[Dataset records]
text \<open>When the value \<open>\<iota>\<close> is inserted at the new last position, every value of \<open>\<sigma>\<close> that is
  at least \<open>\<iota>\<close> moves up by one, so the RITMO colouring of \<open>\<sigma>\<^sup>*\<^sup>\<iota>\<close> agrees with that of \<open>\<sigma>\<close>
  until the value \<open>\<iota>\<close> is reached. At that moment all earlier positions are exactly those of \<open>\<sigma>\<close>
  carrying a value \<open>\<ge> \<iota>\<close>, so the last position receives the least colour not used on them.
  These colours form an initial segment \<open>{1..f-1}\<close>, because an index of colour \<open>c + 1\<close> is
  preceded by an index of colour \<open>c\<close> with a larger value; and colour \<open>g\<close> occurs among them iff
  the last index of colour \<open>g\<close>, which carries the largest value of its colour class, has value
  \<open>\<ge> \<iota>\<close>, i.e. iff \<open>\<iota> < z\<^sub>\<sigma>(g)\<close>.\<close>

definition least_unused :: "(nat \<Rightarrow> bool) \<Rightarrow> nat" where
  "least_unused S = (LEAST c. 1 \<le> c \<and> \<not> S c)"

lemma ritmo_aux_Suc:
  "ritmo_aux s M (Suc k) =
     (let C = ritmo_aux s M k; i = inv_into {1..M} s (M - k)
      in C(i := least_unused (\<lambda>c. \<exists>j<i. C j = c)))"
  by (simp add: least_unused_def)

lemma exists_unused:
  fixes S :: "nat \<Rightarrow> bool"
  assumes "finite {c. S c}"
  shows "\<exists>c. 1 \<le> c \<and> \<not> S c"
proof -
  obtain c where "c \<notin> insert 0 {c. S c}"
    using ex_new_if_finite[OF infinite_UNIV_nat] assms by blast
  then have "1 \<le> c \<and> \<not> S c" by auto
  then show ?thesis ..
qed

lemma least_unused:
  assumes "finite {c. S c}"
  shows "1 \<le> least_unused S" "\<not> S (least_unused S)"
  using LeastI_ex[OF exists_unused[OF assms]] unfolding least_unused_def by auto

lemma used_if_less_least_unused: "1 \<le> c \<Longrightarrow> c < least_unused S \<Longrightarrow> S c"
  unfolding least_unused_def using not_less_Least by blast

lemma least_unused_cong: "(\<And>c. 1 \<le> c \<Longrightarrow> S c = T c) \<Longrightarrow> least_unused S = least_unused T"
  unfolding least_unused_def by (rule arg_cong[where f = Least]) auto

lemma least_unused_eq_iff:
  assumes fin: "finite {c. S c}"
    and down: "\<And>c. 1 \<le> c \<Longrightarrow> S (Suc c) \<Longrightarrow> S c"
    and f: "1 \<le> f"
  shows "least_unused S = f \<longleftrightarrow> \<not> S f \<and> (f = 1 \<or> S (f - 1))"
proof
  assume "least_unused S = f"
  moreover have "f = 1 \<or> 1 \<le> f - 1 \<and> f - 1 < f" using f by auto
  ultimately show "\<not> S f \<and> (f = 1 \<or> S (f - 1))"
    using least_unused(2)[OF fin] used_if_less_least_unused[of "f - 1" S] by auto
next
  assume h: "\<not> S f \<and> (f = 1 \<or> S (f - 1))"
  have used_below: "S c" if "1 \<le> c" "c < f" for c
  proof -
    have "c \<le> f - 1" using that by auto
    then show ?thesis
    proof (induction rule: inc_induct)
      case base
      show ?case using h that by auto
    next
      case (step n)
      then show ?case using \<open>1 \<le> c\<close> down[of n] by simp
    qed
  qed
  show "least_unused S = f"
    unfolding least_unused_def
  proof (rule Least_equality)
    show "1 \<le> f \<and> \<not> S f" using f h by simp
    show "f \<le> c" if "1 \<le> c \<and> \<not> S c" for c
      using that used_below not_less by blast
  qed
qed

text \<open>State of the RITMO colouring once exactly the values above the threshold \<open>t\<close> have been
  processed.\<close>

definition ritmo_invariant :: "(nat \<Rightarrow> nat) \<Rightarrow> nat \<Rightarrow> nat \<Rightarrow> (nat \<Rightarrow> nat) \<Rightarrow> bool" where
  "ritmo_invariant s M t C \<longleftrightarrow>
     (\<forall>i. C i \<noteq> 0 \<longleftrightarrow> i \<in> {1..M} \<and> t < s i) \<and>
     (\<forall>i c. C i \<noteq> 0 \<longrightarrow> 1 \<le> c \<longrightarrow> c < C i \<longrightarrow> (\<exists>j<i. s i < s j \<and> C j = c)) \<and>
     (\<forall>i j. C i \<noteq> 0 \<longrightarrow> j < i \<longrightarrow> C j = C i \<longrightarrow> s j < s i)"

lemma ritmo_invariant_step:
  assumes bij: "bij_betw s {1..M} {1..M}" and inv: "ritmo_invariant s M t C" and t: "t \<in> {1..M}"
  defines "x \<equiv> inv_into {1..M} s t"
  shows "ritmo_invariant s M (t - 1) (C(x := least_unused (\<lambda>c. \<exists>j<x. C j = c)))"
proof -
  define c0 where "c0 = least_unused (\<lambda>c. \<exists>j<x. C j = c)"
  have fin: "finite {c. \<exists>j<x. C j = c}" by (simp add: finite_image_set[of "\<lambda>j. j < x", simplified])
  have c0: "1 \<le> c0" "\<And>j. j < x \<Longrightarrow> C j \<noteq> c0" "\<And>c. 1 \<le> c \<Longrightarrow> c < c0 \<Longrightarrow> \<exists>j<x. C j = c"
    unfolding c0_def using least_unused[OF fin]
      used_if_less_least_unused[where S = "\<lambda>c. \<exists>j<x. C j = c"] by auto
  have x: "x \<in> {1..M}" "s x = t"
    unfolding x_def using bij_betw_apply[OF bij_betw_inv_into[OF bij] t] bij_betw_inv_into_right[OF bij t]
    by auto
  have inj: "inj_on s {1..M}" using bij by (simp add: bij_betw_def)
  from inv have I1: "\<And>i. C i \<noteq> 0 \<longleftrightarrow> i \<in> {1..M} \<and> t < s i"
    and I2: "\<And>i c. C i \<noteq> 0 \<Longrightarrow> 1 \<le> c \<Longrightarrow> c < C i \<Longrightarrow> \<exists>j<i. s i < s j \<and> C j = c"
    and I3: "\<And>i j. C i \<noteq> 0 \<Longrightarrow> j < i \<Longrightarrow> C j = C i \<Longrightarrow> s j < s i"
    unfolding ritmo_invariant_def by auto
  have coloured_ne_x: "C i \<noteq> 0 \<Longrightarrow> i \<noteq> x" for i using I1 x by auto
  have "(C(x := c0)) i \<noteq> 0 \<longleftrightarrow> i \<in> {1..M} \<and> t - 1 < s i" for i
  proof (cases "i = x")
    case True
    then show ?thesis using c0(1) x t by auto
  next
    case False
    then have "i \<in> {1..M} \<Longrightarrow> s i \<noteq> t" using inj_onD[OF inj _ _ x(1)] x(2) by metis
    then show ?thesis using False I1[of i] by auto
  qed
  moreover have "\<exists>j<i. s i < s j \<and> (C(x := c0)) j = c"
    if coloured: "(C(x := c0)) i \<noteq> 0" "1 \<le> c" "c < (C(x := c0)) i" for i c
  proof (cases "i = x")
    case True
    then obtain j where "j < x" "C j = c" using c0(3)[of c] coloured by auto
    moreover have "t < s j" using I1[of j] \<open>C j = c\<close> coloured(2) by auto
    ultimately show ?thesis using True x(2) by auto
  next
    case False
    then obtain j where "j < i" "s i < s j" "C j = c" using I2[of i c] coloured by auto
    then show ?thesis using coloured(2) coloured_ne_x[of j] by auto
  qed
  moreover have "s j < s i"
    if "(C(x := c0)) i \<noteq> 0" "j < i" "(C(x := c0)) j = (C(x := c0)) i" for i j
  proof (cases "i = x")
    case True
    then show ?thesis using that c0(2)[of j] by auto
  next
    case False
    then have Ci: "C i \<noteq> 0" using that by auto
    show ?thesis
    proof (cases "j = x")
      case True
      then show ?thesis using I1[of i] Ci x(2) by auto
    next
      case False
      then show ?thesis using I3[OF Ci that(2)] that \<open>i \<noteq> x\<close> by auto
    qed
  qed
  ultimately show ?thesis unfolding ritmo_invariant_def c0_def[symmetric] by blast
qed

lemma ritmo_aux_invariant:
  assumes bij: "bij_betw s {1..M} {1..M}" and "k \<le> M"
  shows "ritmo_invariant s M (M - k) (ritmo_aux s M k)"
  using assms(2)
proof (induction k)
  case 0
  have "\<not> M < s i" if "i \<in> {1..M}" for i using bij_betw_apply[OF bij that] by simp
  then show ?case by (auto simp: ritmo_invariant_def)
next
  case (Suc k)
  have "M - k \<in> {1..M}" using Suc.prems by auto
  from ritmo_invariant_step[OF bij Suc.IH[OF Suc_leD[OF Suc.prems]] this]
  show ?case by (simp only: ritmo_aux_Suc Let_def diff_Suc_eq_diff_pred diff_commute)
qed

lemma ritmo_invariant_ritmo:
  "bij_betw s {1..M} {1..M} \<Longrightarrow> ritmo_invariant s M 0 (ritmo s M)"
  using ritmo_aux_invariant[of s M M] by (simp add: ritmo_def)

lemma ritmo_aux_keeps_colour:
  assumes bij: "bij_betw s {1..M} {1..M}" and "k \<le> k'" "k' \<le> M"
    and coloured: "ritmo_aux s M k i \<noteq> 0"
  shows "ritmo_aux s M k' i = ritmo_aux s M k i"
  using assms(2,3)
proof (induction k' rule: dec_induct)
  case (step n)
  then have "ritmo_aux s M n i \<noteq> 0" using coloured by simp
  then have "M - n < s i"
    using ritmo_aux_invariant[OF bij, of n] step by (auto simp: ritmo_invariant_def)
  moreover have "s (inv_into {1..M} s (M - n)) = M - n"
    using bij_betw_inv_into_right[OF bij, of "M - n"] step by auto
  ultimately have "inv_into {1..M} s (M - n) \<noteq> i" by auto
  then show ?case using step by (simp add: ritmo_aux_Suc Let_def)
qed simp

◆ Your goal:
Return exactly the lines from the beginning of the data above through the one containing "unfolding least_unused_def using", please. Include both end lines and add nothing else.

◆ Solution for this task:
text \<open>When the value \<open>\<iota>\<close> is inserted at the new last position, every value of \<open>\<sigma>\<close> that is
  at least \<open>\<iota>\<close> moves up by one, so the RITMO colouring of \<open>\<sigma>\<^sup>*\<^sup>\<iota>\<close> agrees with that of \<open>\<sigma>\<close>
  until the value \<open>\<iota>\<close> is reached. At that moment all earlier positions are exactly those of \<open>\<sigma>\<close>
  carrying a value \<open>\<ge> \<iota>\<close>, so the last position receives the least colour not used on them.
  These colours form an initial segment \<open>{1..f-1}\<close>, because an index of colour \<open>c + 1\<close> is
  preceded by an index of colour \<open>c\<close> with a larger value; and colour \<open>g\<close> occurs among them iff
  the last index of colour \<open>g\<close>, which carries the largest value of its colour class, has value
  \<open>\<ge> \<iota>\<close>, i.e. iff \<open>\<iota> < z\<^sub>\<sigma>(g)\<close>.\<close>

definition least_unused :: "(nat \<Rightarrow> bool) \<Rightarrow> nat" where
  "least_unused S = (LEAST c. 1 \<le> c \<and> \<not> S c)"

lemma ritmo_aux_Suc:
  "ritmo_aux s M (Suc k) =
     (let C = ritmo_aux s M k; i = inv_into {1..M} s (M - k)
      in C(i := least_unused (\<lambda>c. \<exists>j<i. C j = c)))"
  by (simp add: least_unused_def)

lemma exists_unused:
  fixes S :: "nat \<Rightarrow> bool"
  assumes "finite {c. S c}"
  shows "\<exists>c. 1 \<le> c \<and> \<not> S c"
proof -
  obtain c where "c \<notin> insert 0 {c. S c}"
    using ex_new_if_finite[OF infinite_UNIV_nat] assms by blast
  then have "1 \<le> c \<and> \<not> S c" by auto
  then show ?thesis ..
qed

lemma least_unused:
  assumes "finite {c. S c}"
  shows "1 \<le> least_unused S" "\<not> S (least_unused S)"
  using LeastI_ex[OF exists_unused[OF assms]] unfolding least_unused_def by auto

lemma used_if_less_least_unused: "1 \<le> c \<Longrightarrow> c < least_unused S \<Longrightarrow> S c"
  unfolding least_unused_def using not_less_Least by blast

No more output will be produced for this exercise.